## What the task asks
Go through the listing below and report how many lines contain the word "assumes"; write no other words.

## Supplied information

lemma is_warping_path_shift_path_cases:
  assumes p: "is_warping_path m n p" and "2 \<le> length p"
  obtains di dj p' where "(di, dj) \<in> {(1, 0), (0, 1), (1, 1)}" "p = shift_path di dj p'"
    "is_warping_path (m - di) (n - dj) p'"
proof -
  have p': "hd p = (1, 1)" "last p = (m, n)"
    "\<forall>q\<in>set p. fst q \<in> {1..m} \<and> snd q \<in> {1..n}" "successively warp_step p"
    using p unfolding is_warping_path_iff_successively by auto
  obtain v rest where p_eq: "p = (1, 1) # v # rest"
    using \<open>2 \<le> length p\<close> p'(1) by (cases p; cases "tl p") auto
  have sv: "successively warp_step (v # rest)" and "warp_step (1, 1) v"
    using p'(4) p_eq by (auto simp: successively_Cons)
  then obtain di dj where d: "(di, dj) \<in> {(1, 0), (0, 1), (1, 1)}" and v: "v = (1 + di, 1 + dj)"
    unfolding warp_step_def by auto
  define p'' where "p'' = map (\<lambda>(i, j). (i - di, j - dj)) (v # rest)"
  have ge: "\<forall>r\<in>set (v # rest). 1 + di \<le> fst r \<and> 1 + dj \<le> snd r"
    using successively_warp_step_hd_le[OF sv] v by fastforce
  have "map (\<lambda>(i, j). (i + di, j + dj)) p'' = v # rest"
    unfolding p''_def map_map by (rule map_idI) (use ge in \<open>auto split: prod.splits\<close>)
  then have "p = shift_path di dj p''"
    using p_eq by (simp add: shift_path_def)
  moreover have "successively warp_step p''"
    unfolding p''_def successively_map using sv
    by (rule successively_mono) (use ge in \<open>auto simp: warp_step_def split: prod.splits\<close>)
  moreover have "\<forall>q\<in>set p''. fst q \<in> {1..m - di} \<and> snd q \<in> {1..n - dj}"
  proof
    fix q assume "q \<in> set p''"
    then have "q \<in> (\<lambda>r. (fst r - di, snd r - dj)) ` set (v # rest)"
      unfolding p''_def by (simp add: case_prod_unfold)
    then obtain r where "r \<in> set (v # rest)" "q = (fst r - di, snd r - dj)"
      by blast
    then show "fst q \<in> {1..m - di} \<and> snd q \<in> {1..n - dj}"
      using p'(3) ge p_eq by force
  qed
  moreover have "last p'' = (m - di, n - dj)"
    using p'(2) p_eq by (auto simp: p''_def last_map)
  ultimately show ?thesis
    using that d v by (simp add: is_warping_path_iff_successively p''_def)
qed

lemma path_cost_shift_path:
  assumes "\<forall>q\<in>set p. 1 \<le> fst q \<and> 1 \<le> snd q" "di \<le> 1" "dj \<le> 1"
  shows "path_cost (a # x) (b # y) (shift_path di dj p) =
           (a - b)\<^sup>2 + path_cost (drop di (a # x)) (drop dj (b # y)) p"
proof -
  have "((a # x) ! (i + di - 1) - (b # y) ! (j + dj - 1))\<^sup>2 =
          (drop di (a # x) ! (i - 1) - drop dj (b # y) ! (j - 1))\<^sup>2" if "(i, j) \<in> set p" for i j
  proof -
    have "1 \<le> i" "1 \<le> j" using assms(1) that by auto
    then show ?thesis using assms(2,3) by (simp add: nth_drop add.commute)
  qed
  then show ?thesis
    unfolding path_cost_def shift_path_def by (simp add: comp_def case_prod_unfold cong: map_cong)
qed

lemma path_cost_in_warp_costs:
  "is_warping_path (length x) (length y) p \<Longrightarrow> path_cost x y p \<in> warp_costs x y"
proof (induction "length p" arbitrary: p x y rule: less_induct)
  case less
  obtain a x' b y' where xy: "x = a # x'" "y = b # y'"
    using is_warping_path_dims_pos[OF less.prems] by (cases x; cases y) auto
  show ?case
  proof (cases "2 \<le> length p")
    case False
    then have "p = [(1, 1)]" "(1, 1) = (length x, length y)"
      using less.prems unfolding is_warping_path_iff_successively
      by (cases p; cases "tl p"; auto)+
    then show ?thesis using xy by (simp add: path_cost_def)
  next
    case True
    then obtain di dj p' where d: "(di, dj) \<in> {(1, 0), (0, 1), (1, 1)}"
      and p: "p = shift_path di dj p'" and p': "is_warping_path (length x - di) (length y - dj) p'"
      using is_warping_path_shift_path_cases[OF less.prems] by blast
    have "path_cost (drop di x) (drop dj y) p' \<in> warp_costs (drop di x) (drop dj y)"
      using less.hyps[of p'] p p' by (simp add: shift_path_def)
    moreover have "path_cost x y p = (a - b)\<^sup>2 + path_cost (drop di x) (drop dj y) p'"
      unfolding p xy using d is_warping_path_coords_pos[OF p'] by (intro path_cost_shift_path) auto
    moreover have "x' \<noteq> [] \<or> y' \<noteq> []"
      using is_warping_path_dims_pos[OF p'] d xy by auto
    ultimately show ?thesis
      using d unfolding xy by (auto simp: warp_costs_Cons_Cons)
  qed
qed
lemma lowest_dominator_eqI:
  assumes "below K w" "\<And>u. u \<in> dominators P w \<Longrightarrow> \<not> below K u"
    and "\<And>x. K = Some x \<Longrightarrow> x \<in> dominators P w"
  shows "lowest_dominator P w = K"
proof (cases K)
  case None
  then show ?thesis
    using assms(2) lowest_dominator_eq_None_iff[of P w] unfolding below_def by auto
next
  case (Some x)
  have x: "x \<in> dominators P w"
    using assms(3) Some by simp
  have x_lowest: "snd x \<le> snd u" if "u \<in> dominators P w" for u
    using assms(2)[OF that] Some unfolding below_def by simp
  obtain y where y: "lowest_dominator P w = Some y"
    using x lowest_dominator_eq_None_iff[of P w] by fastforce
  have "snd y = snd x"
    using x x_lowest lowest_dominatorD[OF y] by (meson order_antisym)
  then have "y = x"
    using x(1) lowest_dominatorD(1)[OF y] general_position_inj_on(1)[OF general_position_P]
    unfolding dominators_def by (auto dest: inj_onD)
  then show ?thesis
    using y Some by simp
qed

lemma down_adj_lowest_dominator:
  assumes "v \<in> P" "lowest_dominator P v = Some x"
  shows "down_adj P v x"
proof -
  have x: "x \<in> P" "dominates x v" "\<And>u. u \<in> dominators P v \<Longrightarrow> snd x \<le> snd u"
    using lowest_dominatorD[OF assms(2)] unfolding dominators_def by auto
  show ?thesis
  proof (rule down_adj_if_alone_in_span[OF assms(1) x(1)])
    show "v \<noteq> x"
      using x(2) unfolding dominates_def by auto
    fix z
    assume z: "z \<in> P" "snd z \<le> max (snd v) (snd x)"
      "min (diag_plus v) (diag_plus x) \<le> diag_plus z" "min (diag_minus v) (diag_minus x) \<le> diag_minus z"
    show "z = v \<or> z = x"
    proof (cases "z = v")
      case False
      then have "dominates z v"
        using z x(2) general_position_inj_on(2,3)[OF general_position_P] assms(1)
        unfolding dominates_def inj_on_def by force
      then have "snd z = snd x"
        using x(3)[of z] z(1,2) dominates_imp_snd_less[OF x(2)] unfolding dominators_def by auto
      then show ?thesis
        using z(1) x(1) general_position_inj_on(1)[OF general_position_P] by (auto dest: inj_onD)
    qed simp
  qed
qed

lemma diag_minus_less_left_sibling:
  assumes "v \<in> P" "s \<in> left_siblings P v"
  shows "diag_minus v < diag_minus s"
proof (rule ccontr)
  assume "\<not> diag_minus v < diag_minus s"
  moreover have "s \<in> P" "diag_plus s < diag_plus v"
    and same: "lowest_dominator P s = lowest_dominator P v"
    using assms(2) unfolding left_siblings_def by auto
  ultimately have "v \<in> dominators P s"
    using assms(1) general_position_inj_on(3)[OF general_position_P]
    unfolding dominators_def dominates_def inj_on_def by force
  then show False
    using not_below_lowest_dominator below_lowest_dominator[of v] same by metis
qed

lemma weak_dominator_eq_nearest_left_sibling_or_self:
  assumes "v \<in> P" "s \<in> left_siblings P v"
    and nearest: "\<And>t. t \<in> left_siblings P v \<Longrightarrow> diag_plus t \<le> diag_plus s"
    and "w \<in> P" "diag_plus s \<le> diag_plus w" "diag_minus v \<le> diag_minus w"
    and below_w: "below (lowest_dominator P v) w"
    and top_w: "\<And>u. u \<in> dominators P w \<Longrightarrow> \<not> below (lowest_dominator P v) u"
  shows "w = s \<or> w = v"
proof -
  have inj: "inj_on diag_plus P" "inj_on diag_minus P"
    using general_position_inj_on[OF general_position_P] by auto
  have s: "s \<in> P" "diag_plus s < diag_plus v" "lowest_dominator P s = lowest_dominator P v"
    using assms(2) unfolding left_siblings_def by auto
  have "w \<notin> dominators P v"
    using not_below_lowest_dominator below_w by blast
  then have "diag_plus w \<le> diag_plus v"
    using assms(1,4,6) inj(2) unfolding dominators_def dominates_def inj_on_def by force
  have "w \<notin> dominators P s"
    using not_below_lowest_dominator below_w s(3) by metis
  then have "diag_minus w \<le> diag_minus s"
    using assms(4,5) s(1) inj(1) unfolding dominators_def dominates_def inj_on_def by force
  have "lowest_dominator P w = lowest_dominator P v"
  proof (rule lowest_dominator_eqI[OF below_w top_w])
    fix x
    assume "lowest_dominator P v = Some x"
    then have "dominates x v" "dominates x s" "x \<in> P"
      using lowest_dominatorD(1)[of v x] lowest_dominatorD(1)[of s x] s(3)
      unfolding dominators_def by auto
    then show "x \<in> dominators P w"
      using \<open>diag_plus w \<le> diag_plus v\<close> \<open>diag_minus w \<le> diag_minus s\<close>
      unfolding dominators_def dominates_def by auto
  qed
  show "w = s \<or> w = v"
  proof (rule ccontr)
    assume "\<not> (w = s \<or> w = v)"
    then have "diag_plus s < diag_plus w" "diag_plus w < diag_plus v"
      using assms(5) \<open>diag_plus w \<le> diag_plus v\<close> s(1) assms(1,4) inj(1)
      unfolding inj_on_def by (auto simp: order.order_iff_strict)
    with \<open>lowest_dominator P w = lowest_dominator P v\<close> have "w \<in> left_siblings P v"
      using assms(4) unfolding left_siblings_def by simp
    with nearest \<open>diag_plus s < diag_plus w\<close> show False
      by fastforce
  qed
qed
--
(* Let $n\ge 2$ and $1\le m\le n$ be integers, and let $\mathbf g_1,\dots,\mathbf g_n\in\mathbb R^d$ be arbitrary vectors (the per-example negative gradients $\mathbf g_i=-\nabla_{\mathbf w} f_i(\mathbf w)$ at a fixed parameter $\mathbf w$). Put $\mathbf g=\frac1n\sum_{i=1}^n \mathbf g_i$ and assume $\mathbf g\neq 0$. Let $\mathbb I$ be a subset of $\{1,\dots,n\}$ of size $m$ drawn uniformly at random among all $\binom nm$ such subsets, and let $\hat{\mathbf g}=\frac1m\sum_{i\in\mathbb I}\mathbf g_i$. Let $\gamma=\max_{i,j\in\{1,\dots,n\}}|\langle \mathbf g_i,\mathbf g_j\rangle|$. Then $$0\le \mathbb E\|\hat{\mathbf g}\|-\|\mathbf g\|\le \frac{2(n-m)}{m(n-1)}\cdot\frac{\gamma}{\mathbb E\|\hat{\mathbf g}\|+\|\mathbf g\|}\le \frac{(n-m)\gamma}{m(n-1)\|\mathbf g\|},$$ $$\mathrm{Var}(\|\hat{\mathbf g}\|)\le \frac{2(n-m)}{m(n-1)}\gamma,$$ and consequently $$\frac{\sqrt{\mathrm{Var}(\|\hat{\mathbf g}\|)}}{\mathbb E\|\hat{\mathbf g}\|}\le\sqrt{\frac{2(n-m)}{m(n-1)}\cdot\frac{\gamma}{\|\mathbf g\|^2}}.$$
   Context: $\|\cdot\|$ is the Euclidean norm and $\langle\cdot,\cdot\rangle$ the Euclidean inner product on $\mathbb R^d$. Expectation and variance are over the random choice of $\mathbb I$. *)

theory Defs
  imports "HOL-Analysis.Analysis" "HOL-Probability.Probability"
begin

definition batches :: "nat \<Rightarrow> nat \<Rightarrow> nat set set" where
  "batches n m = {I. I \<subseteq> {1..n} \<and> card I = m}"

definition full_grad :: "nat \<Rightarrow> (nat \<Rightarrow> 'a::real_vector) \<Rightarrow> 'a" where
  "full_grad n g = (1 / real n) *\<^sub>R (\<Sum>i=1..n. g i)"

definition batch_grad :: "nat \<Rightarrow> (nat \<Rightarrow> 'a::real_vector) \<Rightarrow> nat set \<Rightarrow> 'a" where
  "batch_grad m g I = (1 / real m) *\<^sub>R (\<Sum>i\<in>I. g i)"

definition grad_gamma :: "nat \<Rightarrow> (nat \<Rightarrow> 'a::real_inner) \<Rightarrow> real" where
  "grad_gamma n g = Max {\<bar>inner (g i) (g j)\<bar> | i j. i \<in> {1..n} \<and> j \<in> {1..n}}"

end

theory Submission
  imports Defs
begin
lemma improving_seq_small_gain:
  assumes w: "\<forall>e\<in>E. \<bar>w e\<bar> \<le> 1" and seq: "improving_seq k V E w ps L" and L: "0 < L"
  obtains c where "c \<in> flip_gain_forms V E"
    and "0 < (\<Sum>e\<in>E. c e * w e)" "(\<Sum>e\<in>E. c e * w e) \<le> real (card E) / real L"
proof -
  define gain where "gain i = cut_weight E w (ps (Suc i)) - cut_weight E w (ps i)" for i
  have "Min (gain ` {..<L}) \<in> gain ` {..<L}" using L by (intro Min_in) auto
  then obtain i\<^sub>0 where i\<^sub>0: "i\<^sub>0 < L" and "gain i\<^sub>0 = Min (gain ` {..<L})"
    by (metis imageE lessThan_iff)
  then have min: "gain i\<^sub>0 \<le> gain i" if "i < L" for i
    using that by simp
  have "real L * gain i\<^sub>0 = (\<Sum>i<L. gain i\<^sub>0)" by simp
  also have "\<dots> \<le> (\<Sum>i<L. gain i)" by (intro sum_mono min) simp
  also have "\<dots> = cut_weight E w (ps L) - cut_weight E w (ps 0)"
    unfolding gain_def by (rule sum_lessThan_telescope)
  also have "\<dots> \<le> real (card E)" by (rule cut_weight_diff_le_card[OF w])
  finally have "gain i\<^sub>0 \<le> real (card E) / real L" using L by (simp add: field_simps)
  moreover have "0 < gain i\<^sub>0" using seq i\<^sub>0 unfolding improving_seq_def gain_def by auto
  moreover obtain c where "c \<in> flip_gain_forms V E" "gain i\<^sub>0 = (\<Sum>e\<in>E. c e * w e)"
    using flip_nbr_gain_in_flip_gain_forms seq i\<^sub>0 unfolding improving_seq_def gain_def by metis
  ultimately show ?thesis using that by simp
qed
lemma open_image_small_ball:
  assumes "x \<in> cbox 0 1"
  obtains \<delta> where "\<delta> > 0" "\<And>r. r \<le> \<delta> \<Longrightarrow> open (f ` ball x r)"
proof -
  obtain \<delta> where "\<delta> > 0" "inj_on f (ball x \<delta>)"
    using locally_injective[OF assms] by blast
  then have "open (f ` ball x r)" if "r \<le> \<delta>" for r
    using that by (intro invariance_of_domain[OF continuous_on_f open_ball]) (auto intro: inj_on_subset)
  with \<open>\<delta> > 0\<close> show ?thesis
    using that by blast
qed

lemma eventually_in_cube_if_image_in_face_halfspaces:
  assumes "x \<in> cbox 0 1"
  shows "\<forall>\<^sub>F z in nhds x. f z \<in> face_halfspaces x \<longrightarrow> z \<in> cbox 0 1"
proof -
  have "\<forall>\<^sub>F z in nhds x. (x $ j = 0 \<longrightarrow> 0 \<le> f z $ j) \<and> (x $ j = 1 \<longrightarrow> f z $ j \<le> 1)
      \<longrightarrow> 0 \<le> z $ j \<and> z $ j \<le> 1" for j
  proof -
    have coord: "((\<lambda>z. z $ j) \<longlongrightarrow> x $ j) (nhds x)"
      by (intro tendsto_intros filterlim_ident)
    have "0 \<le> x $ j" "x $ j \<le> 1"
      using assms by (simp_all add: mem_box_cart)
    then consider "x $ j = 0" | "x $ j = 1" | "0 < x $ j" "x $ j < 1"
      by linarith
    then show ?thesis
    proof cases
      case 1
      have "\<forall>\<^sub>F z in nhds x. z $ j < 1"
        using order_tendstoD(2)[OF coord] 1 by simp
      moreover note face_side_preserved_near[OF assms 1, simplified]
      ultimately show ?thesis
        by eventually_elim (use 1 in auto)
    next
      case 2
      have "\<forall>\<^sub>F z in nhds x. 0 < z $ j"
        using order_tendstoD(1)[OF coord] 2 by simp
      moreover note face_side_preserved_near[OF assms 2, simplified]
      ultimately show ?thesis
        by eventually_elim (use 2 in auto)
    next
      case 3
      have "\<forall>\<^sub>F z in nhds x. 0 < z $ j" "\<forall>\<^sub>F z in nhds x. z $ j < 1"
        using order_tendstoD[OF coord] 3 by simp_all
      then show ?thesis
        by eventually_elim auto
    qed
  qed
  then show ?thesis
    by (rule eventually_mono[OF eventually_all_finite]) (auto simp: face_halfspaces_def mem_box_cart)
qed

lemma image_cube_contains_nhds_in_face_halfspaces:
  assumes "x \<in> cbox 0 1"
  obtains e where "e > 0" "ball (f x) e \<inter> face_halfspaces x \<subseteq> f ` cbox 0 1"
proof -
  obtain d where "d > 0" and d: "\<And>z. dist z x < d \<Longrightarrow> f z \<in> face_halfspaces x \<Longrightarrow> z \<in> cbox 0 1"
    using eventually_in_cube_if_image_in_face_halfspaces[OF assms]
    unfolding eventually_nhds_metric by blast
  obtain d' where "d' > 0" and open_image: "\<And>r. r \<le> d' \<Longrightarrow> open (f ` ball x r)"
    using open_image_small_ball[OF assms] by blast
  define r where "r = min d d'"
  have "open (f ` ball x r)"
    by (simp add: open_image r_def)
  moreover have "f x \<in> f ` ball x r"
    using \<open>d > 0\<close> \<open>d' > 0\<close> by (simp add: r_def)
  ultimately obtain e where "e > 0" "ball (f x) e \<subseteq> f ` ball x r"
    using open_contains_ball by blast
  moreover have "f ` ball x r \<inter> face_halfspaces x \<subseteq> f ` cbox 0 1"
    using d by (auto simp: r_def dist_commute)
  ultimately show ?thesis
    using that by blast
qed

## Task output
10